Initiële en huidige indicaties
Stand van zaken over werkzaamheid en veiligheid
Plaatsbepaling van het BCFI
Alogliptine (Vipidia®): hoofdstuk 5.1.7.
Het BCFI is van oordeel dat alogliptine, een "me-too" binnen zijn klasse, geen meerwaarde biedt ten opzichte van de andere gliptinen. Gegevens die een voordeel van de gliptinen aantonen op klinische eindpunten bij diabetes (waaronder de cardiovasculaire en renale complicaties) ontbreken. Hierdoor is een duidelijke plaatsbepaling voor de gliptinen op dit ogenblik niet mogelijk. Wanneer de patiënt onvoldoende onder controle is met dieet- en levensstijlmaatregelen en metformine alleen, stellen de meeste richtlijnen een bitherapie voor van metformine, geassocieerd aan een ander antidiabeticum. Hierbij heeft men de keuze tussen verschillende moleculen, waaronder de gliptinen. Deze keuze wordt vooral bepaald op geleide van het profiel van de patiënt en het verschil in ongewenste effecten tussen de verschillende klassen.
Initiële en huidige indicaties
Stand van zaken over werkzaamheid en veiligheid
Canagliflozine (Invokana®): hoofdstuk 5.1.8.
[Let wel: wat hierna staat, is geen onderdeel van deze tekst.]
(* Let $\sqsubseteq$ be any of the stochastic simulation pre-orders $\sqsubseteq^S_i$, $\sqsubseteq^S_\pi$, $\sqsubseteq^S_m$. There is no stochastic CA $\mathcal{U}$ such that $\mathcal{B}\sqsubseteq\mathcal{U}$ for every stochastic CA $\mathcal{B}$ (i.e. there is no $\sqsubseteq$-universal stochastic CA).
   Context: A stochastic CA is $(Q,R,V,V',f)$ with $Q$ finite states, $R$ finite random symbols, $V=\{v_1,\dots,v_r\}$, $V'=\{v'_1,\dots,v'_{r'}\}$ finite subsets of $\mathbb{Z}$, $f:Q^r\times R^{r'}\to Q$; explicit global function $F(c,s)_z=f((c_{z+v_1},\dots,c_{z+v_r}),(s_{z+v'_1},\dots,s_{z+v'_{r'}}))$. $\nu_R$ is the uniform Bernoulli measure on $R^{\mathbb{Z}}$; the stochastic global function $S_F(c)$ is the law of $F(c,s)$ for $s\sim\nu_R$. Iterates: $F^0(c)=c$, $F^{t+1}(c,s^1,\dots,s^{t+1})=F(F^t(c,s^1,\dots,s^t),s^{t+1})$. Restriction: for injective $i:Q'\to Q$ with $Y=i(Q')^{\mathbb{Z}}$ satisfying $F(Y,R^{\mathbb{Z}})\subseteq Y$, the $i$-restriction has states $Q'$, random symbols $R$, explicit global function $I^{-1}(F(I(c),s))$ ($I$ the cellwise extension of $i$). Projection: for surjective $\pi:Q\to Q'$ with cellwise extension $\Pi$ such that $\Pi(F(c,s))=\Pi(F(c',s))$ whenever $\Pi(c)=\Pi(c')$, the $\pi$-projection has states $Q'$, random symbols $R$, explicit global function $(c',s)\mapsto\Pi(F(c,s))$ for any $c\in\Pi^{-1}(c')$. Rescaling with $m,t\ge1,k\in\mathbb{Z}$: $\mathcal{A}^{\langle m,t,k\rangle}$ has states $Q^m$, random symbols $(R^m)^t$, explicit global function $b_m\circ\sigma_k\circ F^t(b_m^{-1}(c),b_m^{-1}(s^1),\dots,b_m^{-1}(s^t))$ where $s^i_j=(s_j)_i$, $\sigma_k(c)_z=c_{z+k}$, $b_m(c)_z=(c_{mz},\dots,c_{mz+m-1})$. $\mathcal{A}_1\sqsubseteq^S_i\mathcal{A}_2$ (resp. $\sqsubseteq^S_\pi$, $\sqsubseteq^S_m$) iff there are $m_1,m_2,t_1,t_2,k_1,k_2$ such that $\mathcal{A}_1^{\langle m_1,t_1,k_1\rangle}$ has the same stochastic global function as some $i$-restriction (resp. some $\pi$-projection, resp. some $\pi$-projection of some $i$-restriction) of $\mathcal{A}_2^{\langle m_2,t_2,k_2\rangle}$. *)

theory Defs
  imports "HOL-Probability.Probability"
begin

text \<open>A stochastic CA (Q,R,V,V',f), with Q and R given as finite carrier sets
inside arbitrary types, V and V' as lists v_1..v_r and v'_1..v'_r'.\<close>

record ('q, 'r) sca =
  states :: "'q set"
  rsyms  :: "'r set"
  nbhd   :: "int list"
  rnbhd  :: "int list"
  rule   :: "'q list \<Rightarrow> 'r list \<Rightarrow> 'q"

definition wf_sca :: "('q, 'r) sca \<Rightarrow> bool" where
  "wf_sca A \<longleftrightarrow> finite (states A) \<and> states A \<noteq> {} \<and>
     finite (rsyms A) \<and> rsyms A \<noteq> {} \<and>
     distinct (nbhd A) \<and> distinct (rnbhd A) \<and>
     (\<forall>xs ys. length xs = length (nbhd A) \<and> set xs \<subseteq> states A \<and>
              length ys = length (rnbhd A) \<and> set ys \<subseteq> rsyms A
              \<longrightarrow> rule A xs ys \<in> states A)"

record ('q, 'r) gca =
  gstates :: "'q set"
  grsyms  :: "'r set"
  glob    :: "(int \<Rightarrow> 'q) \<Rightarrow> (int \<Rightarrow> 'r) \<Rightarrow> (int \<Rightarrow> 'q)"

definition global_fun :: "('q, 'r) sca \<Rightarrow> (int \<Rightarrow> 'q) \<Rightarrow> (int \<Rightarrow> 'r) \<Rightarrow> (int \<Rightarrow> 'q)" where
  "global_fun A c s = (\<lambda>z. rule A (map (\<lambda>v. c (z + v)) (nbhd A)) (map (\<lambda>v. s (z + v)) (rnbhd A)))"
definition braid_conn :: "nat \<Rightarrow> (nat \<Rightarrow> nat) \<Rightarrow> nat list \<Rightarrow> nat list \<Rightarrow> bool" where
  "braid_conn n w = (\<lambda>u v. braid_pattern n u v \<and> reduced_Iexpr n u w \<and> reduced_Iexpr n v w)\<^sup>*\<^sup>*"

lemma braid_conn_refl: "braid_conn n w xs xs"
  by (simp add: braid_conn_def)

lemma braid_conn_step:
  "braid_pattern n u v \<Longrightarrow> reduced_Iexpr n u w \<Longrightarrow> reduced_Iexpr n v w \<Longrightarrow> braid_conn n w u v"
  unfolding braid_conn_def by (rule r_into_rtranclp) simp

lemma braid_conn_trans: "braid_conn n w xs ys \<Longrightarrow> braid_conn n w ys zs \<Longrightarrow> braid_conn n w xs zs"
  unfolding braid_conn_def by (rule rtranclp_trans)

lemma braid_conn_sym: "braid_conn n w xs ys \<Longrightarrow> braid_conn n w ys xs"
  unfolding braid_conn_def
proof (induction rule: rtranclp_induct)
  case (step u v)
  then show ?case
    by (metis (mono_tags, lifting) braid_pattern_sym converse_rtranclp_into_rtranclp)
qed simp

lemma braid_conn_prepend:
  assumes c: "braid_conn n u xs ys" and rx: "reduced_Iexpr n xs u" and ra: "reduced_Iexpr n (a @ xs) w"
  shows "braid_conn n w (a @ xs) (a @ ys)"
proof -
  have red: "reduced_Iexpr n (a @ v) w" if v: "reduced_Iexpr n v u" for v
  proof (rule reduced_Iexpr_same_length[OF ra])
    show "expr_val (a @ v) = w"
      using ra rx v by (auto simp: reduced_Iexpr_def is_Iexpr_def expr_val_append)
    show "length (a @ v) = length (a @ xs)"
      using reduced_Iexpr_length_eq[OF rx v] by simp
  qed (use ra v in \<open>auto simp: reduced_Iexpr_def is_Iexpr_def\<close>)
  show ?thesis
    using c unfolding braid_conn_def
  proof (induction rule: rtranclp_induct)
    case (step v v')
    then show ?case
      using red[of v] red[of v'] braid_pattern_prepend[of n v v' a]
      by (simp add: rtranclp.rtrancl_into_rtrancl)
  qed simp
qed

lemma braid_conn_imp_braid_steps:
  assumes "braid_conn n w xs ys"
  shows "(\<lambda>u v. braid_step n u v \<and> reduced_Iexpr n v w)\<^sup>*\<^sup>* xs ys"
  using assms unfolding braid_conn_def
proof (induction rule: rtranclp_induct)
  case (step u v)
  then have "braid_step n u v"
    by (auto simp: braid_step_iff reduced_Iexpr_def is_Iexpr_def)
  with step show ?case by (simp add: rtranclp.rtrancl_into_rtrancl)
qed simp

section \<open>Connecting different first letters\<close>

definition linked :: "nat \<Rightarrow> (nat \<Rightarrow> nat) \<Rightarrow> nat \<Rightarrow> nat \<Rightarrow> bool" where
  "linked n w i j \<longleftrightarrow>
     (\<exists>p q. reduced_Iexpr n (i # p) w \<and> reduced_Iexpr n (j # q) w \<and> braid_conn n w (i # p) (j # q))"

definition first_letter_connected :: "nat \<Rightarrow> (nat \<Rightarrow> nat) \<Rightarrow> bool" where
  "first_letter_connected n w \<longleftrightarrow>
     (\<forall>i p q. reduced_Iexpr n (i # p) w \<longrightarrow> reduced_Iexpr n (i # q) w \<longrightarrow> braid_conn n w (i # p) (i # q))"

lemma linked_sym: "linked n w i j \<Longrightarrow> linked n w j i"
  unfolding linked_def using braid_conn_sym by blast

lemma linked_trans:
  "first_letter_connected n w \<Longrightarrow> linked n w i j \<Longrightarrow> linked n w j k \<Longrightarrow> linked n w i k"
  unfolding linked_def first_letter_connected_def by (meson braid_conn_trans)
lemma subring: "subring R"
  using maximal by (rule maximal_subring_subring)

lemma conjugate_by_mem:
  assumes "x \<in> R" "x \<noteq> 0" "t \<in> R"
  shows "x * t * inverse x \<in> R"
proof -
  obtain t' where "t' \<in> R" "x * t = t' * x"
    using left_duo_mult_commute[OF subring left_duo assms(1,3)] by blast
  then show ?thesis using assms(2) by (simp add: mult.assoc)
qed

lemma inverse_conjugate_by_mem:
  assumes x: "x \<in> R" "x \<noteq> 0" and t: "t \<in> R"
  shows "inverse x * t * x \<in> R"
proof -
  \<comment> \<open>\<open>?S = x\<^sup>-\<^sup>1 R x\<close> is a proper subring containing \<open>R\<close>, so it is \<open>R\<close>.\<close>
  let ?S = "{y. x * y * inverse x \<in> R}"
  have "subring ?S"
    unfolding subring_def
  proof (intro conjI ballI)
    show "1 \<in> ?S" using x(2) subring_one[OF subring] by simp
    fix y z assume "y \<in> ?S" "z \<in> ?S"
    then have y: "x * y * inverse x \<in> R" and z: "x * z * inverse x \<in> R" by simp_all
    have "x * (y - z) * inverse x = x * y * inverse x - x * z * inverse x"
      by (simp add: right_diff_distrib left_diff_distrib)
    then show "y - z \<in> ?S" using subring_diff[OF subring y z] by simp
    have "x * (y * z) * inverse x = (x * y * inverse x) * (x * z * inverse x)"
      using x(2) by (simp add: mult.assoc flip: mult.assoc[of "inverse x" x])
    then show "y * z \<in> ?S" using subring_mult[OF subring y z] by simp
  qed
  moreover have "R \<subseteq> ?S" using conjugate_by_mem[OF x] by blast
  moreover have "?S \<noteq> UNIV"
  proof
    assume "?S = UNIV"
    moreover have "x * (inverse x * y * x) * inverse x = y" for y
      using x(2) by (simp add: mult.assoc mult_inverse_cancel_left)
    ultimately have "R = UNIV" by (metis UNIV_I subsetI subset_antisym mem_Collect_eq)
    then show False using maximal by (simp add: maximal_subring_def)
  qed
  ultimately have "?S = R" by (rule maximal_subringD[OF maximal])
  moreover have "x * (inverse x * t * x) * inverse x \<in> R"
    using x(2) t by (simp add: mult.assoc mult_inverse_cancel_left)
  ultimately show ?thesis by blast
qed

lemma duo: "duo R"
  using right_duoI[OF subring inverse_conjugate_by_mem] left_duo by (simp add: duo_def)
lemma card_graph_ball:
  assumes V: "finite V" "\<forall>v\<in>V. degree V E v \<le> d" and x: "x \<in> V"
  shows "card (graph_ball V E x j) \<le> (d + 1) ^ j"
proof (induction j)
  case (Suc j)
  let ?B = "graph_ball V E x j"
  let ?N = "\<lambda>y. {w \<in> V. {w, y} \<in> E}"
  have B: "finite ?B" "?B \<subseteq> V"
    using graph_ball_subset[OF x] V(1) finite_subset by blast+
  have "sum (\<lambda>y. card (?N y)) ?B \<le> card ?B * d"
    using V(2) B(2) sum_bounded_above[of ?B "\<lambda>y. card (?N y)" d] by (auto simp: degree_def)
  then have "card (\<Union>y\<in>?B. ?N y) \<le> card ?B * d"
    by (rule order_trans[OF card_UN_le[OF B(1)]])
  then have "card (graph_ball V E x (Suc j)) \<le> card ?B * (d + 1)"
    using card_Un_le[of ?B "\<Union>y\<in>?B. ?N y"] by (simp add: algebra_simps)
  also have "\<dots> \<le> (d + 1) ^ j * (d + 1)"
    using Suc.IH by (rule mult_right_mono) simp
  also have "\<dots> = (d + 1) ^ Suc j"
    by (rule power_Suc2[symmetric])
  finally show ?case .
qed simp

lemma walk_last_in_graph_ball:
  assumes "walk V E xs"
  shows "last xs \<in> graph_ball V E (hd xs) (length xs - 1)"
proof -
  have "xs ! i \<in> graph_ball V E (hd xs) i" if "i < length xs" for i
    using that
  proof (induction i)
    case 0
    then show ?case
      by (simp add: hd_conv_nth)
  next
    case (Suc i)
    then have "xs ! i \<in> graph_ball V E (hd xs) i"
      by simp
    moreover have "{xs ! Suc i, xs ! i} \<in> E"
      using assms Suc.prems unfolding walk_def by (metis Suc_eq_plus1 insert_commute)
    moreover have "xs ! Suc i \<in> V"
      using assms Suc.prems nth_mem unfolding walk_def by blast
    ultimately show ?case
      by auto
  qed
  moreover have "xs \<noteq> []"
    using assms by (simp add: walk_def)
  ultimately show ?thesis
    by (simp add: last_conv_nth)
qed

lemma card_le_moore_bound:
  assumes V: "finite V" "\<forall>v\<in>V. degree V E v \<le> d" and x: "x \<in> V"
    and walks: "\<forall>y\<in>V. \<exists>xs. walk V E xs \<and> hd xs = x \<and> last xs = y \<and> length xs \<le> L + 1"
  shows "card V \<le> (d + 1) ^ L"
proof -
  have "V \<subseteq> graph_ball V E x L"
  proof
    fix y assume "y \<in> V"
    then obtain xs where xs: "walk V E xs" "hd xs = x" "last xs = y" "length xs \<le> L + 1"
      using walks by blast
    then have "y \<in> graph_ball V E x (length xs - 1)"
      using walk_last_in_graph_ball by metis
    moreover have "length xs - 1 \<le> L"
      using xs(4) by simp
    ultimately show "y \<in> graph_ball V E x L"
      using graph_ball_mono[of "length xs - 1" L V E x] by blast
  qed
  moreover have "finite (graph_ball V E x L)"
    using graph_ball_subset[OF x] V(1) by (rule finite_subset)
  ultimately have "card V \<le> card (graph_ball V E x L)"
    by (rule card_mono[rotated])
  also have "\<dots> \<le> (d + 1) ^ L"
    using card_graph_ball[OF V x] .
  finally show ?thesis .
qed

lemma sum_degree_le:
  assumes G: "graph V E"
  shows "(\<Sum>v\<in>V. degree V E v) \<le> 2 * card E"
proof -
  let ?ends = "\<lambda>e. {(a, b). e = {a, b}}"
  have ends: "finite (?ends e) \<and> card (?ends e) \<le> 2" if "e \<in> E" for e
  proof -
    obtain x y where "e = {x, y}"
      using G \<open>e \<in> E\<close> by (auto elim: graph_edgeE)
    then have "?ends e = {(x, y), (y, x)}"
      by (auto simp: doubleton_eq_iff)
    then show ?thesis
      by (simp add: card_insert_le_m1)
  qed
  have "finite V"
    using G by (simp add: graph_def)
  then have "(\<Sum>v\<in>V. degree V E v) = card (SIGMA v:V. {u \<in> V. {u, v} \<in> E})"
    by (simp add: degree_def)
  also have "\<dots> \<le> card (\<Union>e\<in>E. ?ends e)"
  proof (rule card_mono)
    show "finite (\<Union>e\<in>E. ?ends e)"
      using ends finite_edges[OF G] by (intro finite_UN_I) auto
    show "(SIGMA v:V. {u \<in> V. {u, v} \<in> E}) \<subseteq> (\<Union>e\<in>E. ?ends e)"
    proof
      fix p assume "p \<in> (SIGMA v:V. {u \<in> V. {u, v} \<in> E})"
      then obtain v u where "p = (v, u)" "{u, v} \<in> E"
        by blast
      then show "p \<in> (\<Union>e\<in>E. ?ends e)"
        by (intro UN_I[of "{u, v}"]) (simp_all add: insert_commute)
    qed
  qed
  also have "\<dots> \<le> (\<Sum>e\<in>E. card (?ends e))"
    by (rule card_UN_le[OF finite_edges[OF G]])
  also have "\<dots> \<le> 2 * card E"
    using ends sum_bounded_above[of E "\<lambda>e. card (?ends e)" 2] by (simp add: mult.commute)
  finally show ?thesis .
qed

lemma rsat_attained:
  assumes "rsat_defined n VF EF"
  obtains E where "E \<in> rsat_graphs n VF EF" "rsat n VF EF = card E"
proof -
  have "rsat n VF EF \<in> card ` rsat_graphs n VF EF"
    using assms unfolding rsat_def rsat_defined_def by (intro Inf_nat_def1) simp
  with that show ?thesis
    by blast
qed

lemma rsat_le_card: "E \<in> rsat_graphs n VF EF \<Longrightarrow> rsat n VF EF \<le> card E"
  unfolding rsat_def by (simp add: cInf_lower)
Het is moeilijk om de precieze plaats van canagliflozine binnen de klasse van de gliflozinen te bepalen. Canagliflozine is als enige molecule bewezen doeltreffend voor diabetische nefropathie bij diabetespatiënten met macro-albuminurie (zie Folia oktober 2019), maar houdt ook het meest uitgesproken risico in van amputatie (zie Folia augustus 2017 en Folia juni 2020). De bemoedigende voordelen die zijn gezien met de gliflozinen (cardiovasculair en renaal voordeel) bij hoogrisicopopulaties mogen de potentieel ernstige risico's van deze klasse niet uit het oog doen verliezen (amputatie, ketoacidose, gangreen van Fournier, hypovolemie). Bovendien werd het cardiovasculaire voordeel van de gliflozinen niet gezien bij populaties zonder antecedenten van cardiovasculaire events (zie Folia maart 2019). De plaats van de gliflozinen bij diabetes moet de komende jaren nog nader bepaald worden. De heel beperkte gebruikservaring laat een volledige evaluatie van een behandeling die levenslang moet worden genomen, nog niet toe.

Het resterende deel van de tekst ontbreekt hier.